Eating healthy and eating on the go may sound like a juxtaposition, but achieving both is definitely within the realm of possibility. When packing snacks for a day hike or backcountry trip, you’re likely looking for a lightweight snack that packs a nutritional punch. Superfoods do just that.
Superfoods are nutrient-dense foods that have a wide scope of health benefits and are often plant based. While the list of potential superfoods is endless, we’ve rounded up a few that can easily be packed for a day on the trail or a week in the woods.
Walnuts are loaded with protein, vitamins, fiber, minerals, and omega-3 fatty acids, making them the perfect trail snack. This superfood also contains polyphenols, which work to combat oxidative stress and inflammation. Walnuts, like all nuts, contain phytic acid, which can prevent your body from properly absorbing the nutrients they offer. To get the most out of your snack, try soaking the nuts in water overnight to break down the phytic acid. Eat them plain or enjoy them in homemade energy bars for a nutritious snack.
Chia seeds are small but mighty—two tablespoons contain 137 calories, 9 grams of healthy fats, and 4 grams of protein. In addition, chia seeds are a good source of omega-3’s, phosphorous, manganese, and dietary fiber. Eat them plain, add them to your water or mix them in with trail mix for some healthy fat and protein.
Chocolate is probably everyone’s favorite superfood. Dark chocolate containing 70-85% cocoa offers a healthy dose of fiber, iron, magnesium, copper, manganese, potassium, and zinc. It’s also an excellent source of antioxidants and can help improve blood flow while simultaneously lowering blood pressure. Eat it plain or combine with walnuts, chia seeds, and whatever else you fancy for the ultimate superfood trail mix.

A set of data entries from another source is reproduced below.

(* Let $y_n\in\mathbb{R}^2$, $\rho_n>0$ be sequences and $M\in\mathbb{N}$. Let $\omega_\infty\in\mathbb{S}^2$ be a constant, $\omega_1,\dots,\omega_M$ non-constant harmonic maps, and $b_{n,j}\in D(y_n,\rho_n)$, $\mu_{n,j}\in(0,\infty)$ for $j\in\{1,\dots,M\}$ sequences such that $$\lim_{n\to\infty}\Big[\sum_{j\ne k}\Big(\frac{\mu_{n,j}}{\mu_{n,k}}+\frac{\mu_{n,k}}{\mu_{n,j}}+\frac{|b_{n,j}-b_{n,k}|}{\mu_{n,j}}\Big)^{-1}+\sum_{j=1}^M\frac{\mu_{n,j}}{\operatorname{dist}(b_{n,j},\partial D(y_n,\rho_n))}\Big]=0.$$ Then $$\lim_{n\to\infty}E\Big(\omega_\infty+\sum_{j=1}^M\Big(\omega_j\Big(\frac{\cdot-b_{n,j}}{\mu_{n,j}}\Big)-\omega_j(\infty)\Big);D(y_n,\rho_n)\Big)=\sum_{j=1}^ME(\omega_j).$$
   Context: $D(y,\rho)$ is the open disc of radius $\rho$ centered at $y$; for $v:\mathbb{R}^2\to\mathbb{R}^3$, $E(v;\Omega):=\frac12\int_\Omega|\nabla v|^2$, $E(v)=E(v;\mathbb{R}^2)$. A harmonic map is a finite-energy map $\omega:\mathbb{R}^2\to\mathbb{S}^2$ solving $\Delta\omega+\omega|\nabla\omega|^2=0$; for non-constant ones $\omega(\infty):=\lim_{|x|\to\infty}\omega(x)\in\mathbb{S}^2$ exists. *)

theory Defs
  imports "HOL-Analysis.Analysis"
begin

definition pd :: "2 \<Rightarrow> (real^2 \<Rightarrow> real^3) \<Rightarrow> real^2 \<Rightarrow> real^3" where
  "pd i f = (\<lambda>x. frechet_derivative f (at x) (axis i 1))"

definition grad_sq :: "(real^2 \<Rightarrow> real^3) \<Rightarrow> real^2 \<Rightarrow> real" where
  "grad_sq f x = (\<Sum>i\<in>UNIV. (norm (pd i f x))^2)"

definition laplacian :: "(real^2 \<Rightarrow> real^3) \<Rightarrow> real^2 \<Rightarrow> real^3" where
  "laplacian f x = (\<Sum>i\<in>UNIV. pd i (pd i f) x)"

definition energy :: "(real^2 \<Rightarrow> real^3) \<Rightarrow> (real^2) set \<Rightarrow> real" where
  "energy f \<Omega> = (1/2) * integral \<Omega> (grad_sq f)"

definition harmonic_map :: "(real^2 \<Rightarrow> real^3) \<Rightarrow> bool" where
  "harmonic_map w \<longleftrightarrow>
     (\<forall>x. norm (w x) = 1) \<and>
     (\<forall>x. w differentiable (at x)) \<and>
     (\<forall>i x. pd i w differentiable (at x)) \<and>
     (\<forall>x. laplacian w x + grad_sq w x *\<^sub>R w x = 0) \<and>
     grad_sq w integrable_on UNIV"

definition value_at_infinity :: "(real^2 \<Rightarrow> real^3) \<Rightarrow> real^3" where
  "value_at_infinity w = Lim at_infinity w"

end

theory Submission
  imports Defs
begin

text \<open>
  The gradient of the superposition is the sum of the gradients of the rescaled bubbles, so
  pointwise the energy density of the superposition differs from the sum of the bubble energy
  densities by at most the cross terms \<open>|\<nabla>\<omega>\<^sub>j\<^sup>n| |\<nabla>\<omega>\<^sub>k\<^sup>n|\<close>, \<open>j \<noteq> k\<close>. In dimension two
  the energy density of a rescaled bubble is the mass-preserving rescaling of that of \<open>\<omega>\<^sub>j\<close>;
  as the disc eventually contains every ball \<open>D(b\<^sub>n\<^sub>,\<^sub>j, R \<mu>\<^sub>n\<^sub>,\<^sub>j)\<close>, its integral over the disc
  tends to \<open>2 E(\<omega>\<^sub>j)\<close>. By Cauchy-Schwarz a cross term has small integral unless the two bubbles
  have comparable scales and centres at a distance comparable to the scale, which is exactly
  what the separation hypothesis rules out.
\<close>


section \<open>Energy densities\<close>

definition energy_density :: "('a::euclidean_space \<Rightarrow> real) \<Rightarrow> bool" where
  "energy_density G \<longleftrightarrow> continuous_on UNIV G \<and> (\<forall>x. 0 \<le> G x) \<and> G integrable_on UNIV"

lemma energy_densityD:
  assumes "energy_density G"
  shows "continuous_on UNIV G" "0 \<le> G x" "G integrable_on UNIV"
  using assms by (auto simp: energy_density_def)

Blueberries often receive recognition for being a good source of antioxidants and for good reason. Antioxidants work to protect the body from free radicals, which can be damaging to cells and ultimately contribute to aging and diseases such as cancer, diabetes, and heart disease. Antioxidants also help improve memory and cognition and have an anti-inflammatory effect on the body.
In addition to being a good source of antioxidants, blueberries are low in calories but are packed with fiber, vitamins C and K, and manganese. Next time you hit the trails, toss a handful of fresh blueberries in your pack or pick up a bag of dried blueberries if you’re planning on spending a few days in the backcountry.
Seaweed may not be the first thing that comes to mind when you think of a trail snack but this superfood is good for more than just the fish. There are four different types of seaweed: green algae (sea lettuce and sea grapes), brown algae (kelp and wakame), red algae (dulse and nori), and blue-green algae (spirulina and chlorella).
Seaweed is more nutrient dense than most land vegetables and is a good source of folate, calcium, magnesium, zinc, iron, selenium, preformed omega-3’s and iodine. Due to its unique composition, seaweed is also a great source of antioxidants, fiber, and can even aid the body in digestion. To get the greatest nutritional benefit it’s best to eat seaweed fresh or boiled, but if you’re packing it on the trail dried seaweed is probably your best bet. If you’re feeling adventurous you could try adding a scoop of spirulina to your water to reap the benefits this superfood has to offer.
If these suggestions aren’t up your alley, there are plenty of other nutritious superfoods to choose from. Some crowd pleasers include pumpkin seeds, hardboiled eggs, kale chips, almonds, yogurt and salmon jerky. Try mixing it up to enjoy the benefits all these different superfoods have to offer.